(EXTRACTED DATA Opens)

(* Let $n\ge3$ and let $\sigma$ be a Riemannian metric on the complement of a ball in $\mathbb{R}^n$ which is asymptotically flat. There exists $r_1>0$, depending only on $\sigma$, such that for every $r_0\ge r_1$ there exists a rotationally symmetric function $b\colon\mathbb{R}^n\setminus B_{r_0}(0)\to\mathbb{R}$ with (i) $b(x)\simeq r_0^{\,n-\frac32}\,|x|^{-(n-\frac52)}$, and (ii) $g^{ij}(\sigma,\nabla b)\,{}^\sigma\nabla^2_{ij}b\le 0$, i.e. $b$ is a static supersolution.
   Context: Asymptotic flatness of $\sigma$ means: there is a bounded function $\omega$ with $\omega(r)\to0$ as $r\to\infty$ such that $|\sigma_{ij}-\delta_{ij}|\lesssim\omega(r)$ and $|\partial\sigma_{ij}|\lesssim\omega(r)/r$ for $r=|x|$ large (Euclidean norms and partial derivatives). For a function $w$ with $|\nabla w|_\sigma<1$, $g^{ij}(\sigma,\nabla w)=\sigma^{ij}+\frac{\sigma^{ik}\sigma^{jl}w_kw_l}{1-\sigma^{kl}w_kw_l}$ and ${}^\sigma\nabla^2_{ij}w=w_{ij}-\Gamma^k_{ij}w_k$ with $\Gamma$ the Christoffel symbols of $\sigma$. The notation $x\lesssim y$ means $x\le Cy$ for a constant $C=C(n)>0$, and $x\simeq y$ means $x\lesssim y$ and $y\lesssim x$. *)

theory Defs
  imports "HOL-Analysis.Analysis"
begin

definition partial :: "'n::finite \<Rightarrow> (real^'n \<Rightarrow> real) \<Rightarrow> real^'n \<Rightarrow> real" where
  "partial k f x = deriv (\<lambda>t. f (x + t *\<^sub>R axis k 1)) 0"

fun iter_partial :: "'n::finite list \<Rightarrow> (real^'n \<Rightarrow> real) \<Rightarrow> real^'n \<Rightarrow> real" where
  "iter_partial [] f = f"
| "iter_partial (k # ks) f = partial k (iter_partial ks f)"

definition smooth_on :: "(real^'n::finite) set \<Rightarrow> (real^'n \<Rightarrow> real) \<Rightarrow> bool" where
  "smooth_on S f \<longleftrightarrow> (\<forall>ks. iter_partial ks f differentiable_on S)"

definition twice_diff_on :: "(real^'n::finite) set \<Rightarrow> (real^'n \<Rightarrow> real) \<Rightarrow> bool" where
  "twice_diff_on S f \<longleftrightarrow> f differentiable_on S \<and> (\<forall>k. partial k f differentiable_on S)"

definition riemannian_exterior :: "(real^'n::finite \<Rightarrow> real^'n^'n) \<Rightarrow> real \<Rightarrow> bool" where
  "riemannian_exterior \<sigma> R0 \<longleftrightarrow>
     (\<forall>i j. smooth_on {x. R0 < norm x} (\<lambda>x. \<sigma> x $ i $ j)) \<and>
     (\<forall>x. R0 < norm x \<longrightarrow> transpose (\<sigma> x) = \<sigma> x \<and>
        (\<forall>v. v \<noteq> 0 \<longrightarrow> v \<bullet> (\<sigma> x *v v) > 0))"

definition asymp_flat :: "(real^'n::finite \<Rightarrow> real^'n^'n) \<Rightarrow> bool" where
  "asymp_flat \<sigma> \<longleftrightarrow>
     (\<exists>\<omega> :: real \<Rightarrow> real. (\<exists>M. \<forall>r. \<bar>\<omega> r\<bar> \<le> M) \<and> (\<omega> \<longlongrightarrow> 0) at_top \<and>
       (\<exists>R. \<forall>x. R \<le> norm x \<longrightarrow>
          (\<forall>i j. \<bar>\<sigma> x $ i $ j - (if i = j then 1 else 0)\<bar> \<le> \<omega> (norm x) \<and>
                 (\<forall>k. \<bar>partial k (\<lambda>y. \<sigma> y $ i $ j) x\<bar> \<le> \<omega> (norm x) / norm x))))"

(EXTRACTED DATA Closes)

▶ _YOUR INSTRUCTIONS_
Return every line above exactly.

▶ _PROBLEM SOLUTION_
(* Let $n\ge3$ and let $\sigma$ be a Riemannian metric on the complement of a ball in $\mathbb{R}^n$ which is asymptotically flat. There exists $r_1>0$, depending only on $\sigma$, such that for every $r_0\ge r_1$ there exists a rotationally symmetric function $b\colon\mathbb{R}^n\setminus B_{r_0}(0)\to\mathbb{R}$ with (i) $b(x)\simeq r_0^{\,n-\frac32}\,|x|^{-(n-\frac52)}$, and (ii) $g^{ij}(\sigma,\nabla b)\,{}^\sigma\nabla^2_{ij}b\le 0$, i.e. $b$ is a static supersolution.
   Context: Asymptotic flatness of $\sigma$ means: there is a bounded function $\omega$ with $\omega(r)\to0$ as $r\to\infty$ such that $|\sigma_{ij}-\delta_{ij}|\lesssim\omega(r)$ and $|\partial\sigma_{ij}|\lesssim\omega(r)/r$ for $r=|x|$ large (Euclidean norms and partial derivatives). For a function $w$ with $|\nabla w|_\sigma<1$, $g^{ij}(\sigma,\nabla w)=\sigma^{ij}+\frac{\sigma^{ik}\sigma^{jl}w_kw_l}{1-\sigma^{kl}w_kw_l}$ and ${}^\sigma\nabla^2_{ij}w=w_{ij}-\Gamma^k_{ij}w_k$ with $\Gamma$ the Christoffel symbols of $\sigma$. The notation $x\lesssim y$ means $x\le Cy$ for a constant $C=C(n)>0$, and $x\simeq y$ means $x\lesssim y$ and $y\lesssim x$. *)

theory Defs
  imports "HOL-Analysis.Analysis"
begin

definition partial :: "'n::finite \<Rightarrow> (real^'n \<Rightarrow> real) \<Rightarrow> real^'n \<Rightarrow> real" where
  "partial k f x = deriv (\<lambda>t. f (x + t *\<^sub>R axis k 1)) 0"

fun iter_partial :: "'n::finite list \<Rightarrow> (real^'n \<Rightarrow> real) \<Rightarrow> real^'n \<Rightarrow> real" where
  "iter_partial [] f = f"
| "iter_partial (k # ks) f = partial k (iter_partial ks f)"

definition smooth_on :: "(real^'n::finite) set \<Rightarrow> (real^'n \<Rightarrow> real) \<Rightarrow> bool" where
  "smooth_on S f \<longleftrightarrow> (\<forall>ks. iter_partial ks f differentiable_on S)"

definition twice_diff_on :: "(real^'n::finite) set \<Rightarrow> (real^'n \<Rightarrow> real) \<Rightarrow> bool" where
  "twice_diff_on S f \<longleftrightarrow> f differentiable_on S \<and> (\<forall>k. partial k f differentiable_on S)"

definition riemannian_exterior :: "(real^'n::finite \<Rightarrow> real^'n^'n) \<Rightarrow> real \<Rightarrow> bool" where
  "riemannian_exterior \<sigma> R0 \<longleftrightarrow>
     (\<forall>i j. smooth_on {x. R0 < norm x} (\<lambda>x. \<sigma> x $ i $ j)) \<and>
     (\<forall>x. R0 < norm x \<longrightarrow> transpose (\<sigma> x) = \<sigma> x \<and>
        (\<forall>v. v \<noteq> 0 \<longrightarrow> v \<bullet> (\<sigma> x *v v) > 0))"

definition asymp_flat :: "(real^'n::finite \<Rightarrow> real^'n^'n) \<Rightarrow> bool" where
  "asymp_flat \<sigma> \<longleftrightarrow>
     (\<exists>\<omega> :: real \<Rightarrow> real. (\<exists>M. \<forall>r. \<bar>\<omega> r\<bar> \<le> M) \<and> (\<omega> \<longlongrightarrow> 0) at_top \<and>
       (\<exists>R. \<forall>x. R \<le> norm x \<longrightarrow>
          (\<forall>i j. \<bar>\<sigma> x $ i $ j - (if i = j then 1 else 0)\<bar> \<le> \<omega> (norm x) \<and>
                 (\<forall>k. \<bar>partial k (\<lambda>y. \<sigma> y $ i $ j) x\<bar> \<le> \<omega> (norm x) / norm x))))"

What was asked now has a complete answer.